» Your goal: Please return each of the entries below exactly as they appear.

» Data for analysis:
★ ★ ★

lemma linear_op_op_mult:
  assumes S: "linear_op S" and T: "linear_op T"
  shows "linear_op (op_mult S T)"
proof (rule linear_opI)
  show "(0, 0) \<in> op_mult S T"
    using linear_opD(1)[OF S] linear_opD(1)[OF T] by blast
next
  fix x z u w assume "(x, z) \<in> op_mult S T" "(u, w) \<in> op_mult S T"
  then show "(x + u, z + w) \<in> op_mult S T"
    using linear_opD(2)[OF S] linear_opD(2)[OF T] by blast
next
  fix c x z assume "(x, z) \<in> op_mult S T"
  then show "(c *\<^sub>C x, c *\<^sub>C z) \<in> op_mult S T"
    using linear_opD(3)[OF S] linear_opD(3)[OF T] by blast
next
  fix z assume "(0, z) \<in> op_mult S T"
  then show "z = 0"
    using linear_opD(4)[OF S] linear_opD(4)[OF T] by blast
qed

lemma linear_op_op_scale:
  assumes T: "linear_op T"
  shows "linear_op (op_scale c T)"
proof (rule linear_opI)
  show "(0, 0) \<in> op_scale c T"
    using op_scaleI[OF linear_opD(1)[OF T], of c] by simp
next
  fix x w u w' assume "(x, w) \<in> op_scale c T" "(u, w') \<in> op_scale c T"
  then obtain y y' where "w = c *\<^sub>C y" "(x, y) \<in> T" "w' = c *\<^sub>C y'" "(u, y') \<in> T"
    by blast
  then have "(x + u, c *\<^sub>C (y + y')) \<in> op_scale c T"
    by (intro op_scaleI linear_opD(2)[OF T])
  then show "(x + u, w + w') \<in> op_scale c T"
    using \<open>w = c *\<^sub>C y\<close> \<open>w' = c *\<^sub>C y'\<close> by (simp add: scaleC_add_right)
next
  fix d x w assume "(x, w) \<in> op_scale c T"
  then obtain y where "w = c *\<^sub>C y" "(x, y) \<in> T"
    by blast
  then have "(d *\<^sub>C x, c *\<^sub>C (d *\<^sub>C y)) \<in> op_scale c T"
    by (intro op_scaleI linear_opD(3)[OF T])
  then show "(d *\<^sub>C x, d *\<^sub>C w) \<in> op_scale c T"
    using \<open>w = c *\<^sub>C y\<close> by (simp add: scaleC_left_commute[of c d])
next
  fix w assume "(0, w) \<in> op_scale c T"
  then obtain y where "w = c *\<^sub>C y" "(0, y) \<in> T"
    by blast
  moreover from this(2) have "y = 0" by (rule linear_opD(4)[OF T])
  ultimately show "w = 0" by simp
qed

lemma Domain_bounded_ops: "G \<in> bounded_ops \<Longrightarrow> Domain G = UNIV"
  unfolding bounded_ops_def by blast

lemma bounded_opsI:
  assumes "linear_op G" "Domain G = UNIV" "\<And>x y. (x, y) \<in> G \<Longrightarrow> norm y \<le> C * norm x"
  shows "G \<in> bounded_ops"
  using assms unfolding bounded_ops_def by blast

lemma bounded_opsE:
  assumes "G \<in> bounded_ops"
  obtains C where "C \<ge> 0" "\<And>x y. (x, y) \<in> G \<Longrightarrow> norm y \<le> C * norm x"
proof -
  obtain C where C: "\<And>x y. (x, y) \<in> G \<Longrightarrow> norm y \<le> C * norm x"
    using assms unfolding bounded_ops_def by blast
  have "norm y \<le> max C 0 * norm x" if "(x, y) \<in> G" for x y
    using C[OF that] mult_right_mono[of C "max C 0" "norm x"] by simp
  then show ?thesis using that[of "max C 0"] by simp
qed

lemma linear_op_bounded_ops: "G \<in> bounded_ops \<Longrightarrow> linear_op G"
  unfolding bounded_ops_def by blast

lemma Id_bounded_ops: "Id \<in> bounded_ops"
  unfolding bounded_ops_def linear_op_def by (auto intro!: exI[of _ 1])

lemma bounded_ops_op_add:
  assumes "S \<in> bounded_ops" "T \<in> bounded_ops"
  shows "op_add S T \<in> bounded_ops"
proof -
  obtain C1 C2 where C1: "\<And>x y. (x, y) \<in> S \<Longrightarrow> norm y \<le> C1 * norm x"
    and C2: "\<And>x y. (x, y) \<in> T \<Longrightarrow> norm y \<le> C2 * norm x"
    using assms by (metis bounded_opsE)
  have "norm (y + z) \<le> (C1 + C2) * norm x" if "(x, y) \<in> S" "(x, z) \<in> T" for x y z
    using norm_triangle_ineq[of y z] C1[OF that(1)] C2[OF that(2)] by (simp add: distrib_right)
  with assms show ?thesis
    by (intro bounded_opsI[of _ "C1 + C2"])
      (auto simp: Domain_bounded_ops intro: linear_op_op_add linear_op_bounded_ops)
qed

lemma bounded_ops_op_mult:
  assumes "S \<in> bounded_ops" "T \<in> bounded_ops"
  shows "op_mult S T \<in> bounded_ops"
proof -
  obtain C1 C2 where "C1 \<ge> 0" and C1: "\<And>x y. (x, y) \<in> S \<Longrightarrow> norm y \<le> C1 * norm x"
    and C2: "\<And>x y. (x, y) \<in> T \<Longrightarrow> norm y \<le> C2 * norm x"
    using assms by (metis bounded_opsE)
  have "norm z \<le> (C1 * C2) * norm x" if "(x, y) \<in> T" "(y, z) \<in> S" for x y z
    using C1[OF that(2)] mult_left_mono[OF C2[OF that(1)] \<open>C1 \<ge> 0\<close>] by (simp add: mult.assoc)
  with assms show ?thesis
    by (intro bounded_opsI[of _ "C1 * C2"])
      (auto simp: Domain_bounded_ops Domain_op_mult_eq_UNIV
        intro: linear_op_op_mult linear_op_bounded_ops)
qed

★ ★ ★

» Exercise output:
lemma linear_op_op_mult:
  assumes S: "linear_op S" and T: "linear_op T"
  shows "linear_op (op_mult S T)"
proof (rule linear_opI)
  show "(0, 0) \<in> op_mult S T"
    using linear_opD(1)[OF S] linear_opD(1)[OF T] by blast
next
  fix x z u w assume "(x, z) \<in> op_mult S T" "(u, w) \<in> op_mult S T"
  then show "(x + u, z + w) \<in> op_mult S T"
    using linear_opD(2)[OF S] linear_opD(2)[OF T] by blast
next
  fix c x z assume "(x, z) \<in> op_mult S T"
  then show "(c *\<^sub>C x, c *\<^sub>C z) \<in> op_mult S T"
    using linear_opD(3)[OF S] linear_opD(3)[OF T] by blast
next
  fix z assume "(0, z) \<in> op_mult S T"
  then show "z = 0"
    using linear_opD(4)[OF S] linear_opD(4)[OF T] by blast
qed

lemma linear_op_op_scale:
  assumes T: "linear_op T"
  shows "linear_op (op_scale c T)"
proof (rule linear_opI)
  show "(0, 0) \<in> op_scale c T"
    using op_scaleI[OF linear_opD(1)[OF T], of c] by simp
next
  fix x w u w' assume "(x, w) \<in> op_scale c T" "(u, w') \<in> op_scale c T"
  then obtain y y' where "w = c *\<^sub>C y" "(x, y) \<in> T" "w' = c *\<^sub>C y'" "(u, y') \<in> T"
    by blast
  then have "(x + u, c *\<^sub>C (y + y')) \<in> op_scale c T"
    by (intro op_scaleI linear_opD(2)[OF T])
  then show "(x + u, w + w') \<in> op_scale c T"
    using \<open>w = c *\<^sub>C y\<close> \<open>w' = c *\<^sub>C y'\<close> by (simp add: scaleC_add_right)
next
  fix d x w assume "(x, w) \<in> op_scale c T"
  then obtain y where "w = c *\<^sub>C y" "(x, y) \<in> T"
    by blast
  then have "(d *\<^sub>C x, c *\<^sub>C (d *\<^sub>C y)) \<in> op_scale c T"
    by (intro op_scaleI linear_opD(3)[OF T])
  then show "(d *\<^sub>C x, d *\<^sub>C w) \<in> op_scale c T"
    using \<open>w = c *\<^sub>C y\<close> by (simp add: scaleC_left_commute[of c d])
next
  fix w assume "(0, w) \<in> op_scale c T"
  then obtain y where "w = c *\<^sub>C y" "(0, y) \<in> T"
    by blast
  moreover from this(2) have "y = 0" by (rule linear_opD(4)[OF T])
  ultimately show "w = 0" by simp
qed

lemma Domain_bounded_ops: "G \<in> bounded_ops \<Longrightarrow> Domain G = UNIV"
  unfolding bounded_ops_def by blast

lemma bounded_opsI:
  assumes "linear_op G" "Domain G = UNIV" "\<And>x y. (x, y) \<in> G \<Longrightarrow> norm y \<le> C * norm x"
  shows "G \<in> bounded_ops"
  using assms unfolding bounded_ops_def by blast

lemma bounded_opsE:
  assumes "G \<in> bounded_ops"
  obtains C where "C \<ge> 0" "\<And>x y. (x, y) \<in> G \<Longrightarrow> norm y \<le> C * norm x"
proof -
  obtain C where C: "\<And>x y. (x, y) \<in> G \<Longrightarrow> norm y \<le> C * norm x"
    using assms unfolding bounded_ops_def by blast
  have "norm y \<le> max C 0 * norm x" if "(x, y) \<in> G" for x y
    using C[OF that] mult_right_mono[of C "max C 0" "norm x"] by simp
  then show ?thesis using that[of "max C 0"] by simp
qed

lemma linear_op_bounded_ops: "G \<in> bounded_ops \<Longrightarrow> linear_op G"
  unfolding bounded_ops_def by blast

lemma Id_bounded_ops: "Id \<in> bounded_ops"
  unfolding bounded_ops_def linear_op_def by (auto intro!: exI[of _ 1])

lemma bounded_ops_op_add:
  assumes "S \<in> bounded_ops" "T \<in> bounded_ops"
  shows "op_add S T \<in> bounded_ops"
proof -
  obtain C1 C2 where C1: "\<And>x y. (x, y) \<in> S \<Longrightarrow> norm y \<le> C1 * norm x"
    and C2: "\<And>x y. (x, y) \<in> T \<Longrightarrow> norm y \<le> C2 * norm x"
    using assms by (metis bounded_opsE)
  have "norm (y + z) \<le> (C1 + C2) * norm x" if "(x, y) \<in> S" "(x, z) \<in> T" for x y z
    using norm_triangle_ineq[of y z] C1[OF that(1)] C2[OF that(2)] by (simp add: distrib_right)
  with assms show ?thesis
    by (intro bounded_opsI[of _ "C1 + C2"])
      (auto simp: Domain_bounded_ops intro: linear_op_op_add linear_op_bounded_ops)
qed

lemma bounded_ops_op_mult:
  assumes "S \<in> bounded_ops" "T \<in> bounded_ops"
  shows "op_mult S T \<in> bounded_ops"
proof -
  obtain C1 C2 where "C1 \<ge> 0" and C1: "\<And>x y. (x, y) \<in> S \<Longrightarrow> norm y \<le> C1 * norm x"
    and C2: "\<And>x y. (x, y) \<in> T \<Longrightarrow> norm y \<le> C2 * norm x"
    using assms by (metis bounded_opsE)
  have "norm z \<le> (C1 * C2) * norm x" if "(x, y) \<in> T" "(y, z) \<in> S" for x y z
    using C1[OF that(2)] mult_left_mono[OF C2[OF that(1)] \<open>C1 \<ge> 0\<close>] by (simp add: mult.assoc)
  with assms show ?thesis
    by (intro bounded_opsI[of _ "C1 * C2"])
      (auto simp: Domain_bounded_ops Domain_op_mult_eq_UNIV
        intro: linear_op_op_mult linear_op_bounded_ops)
qed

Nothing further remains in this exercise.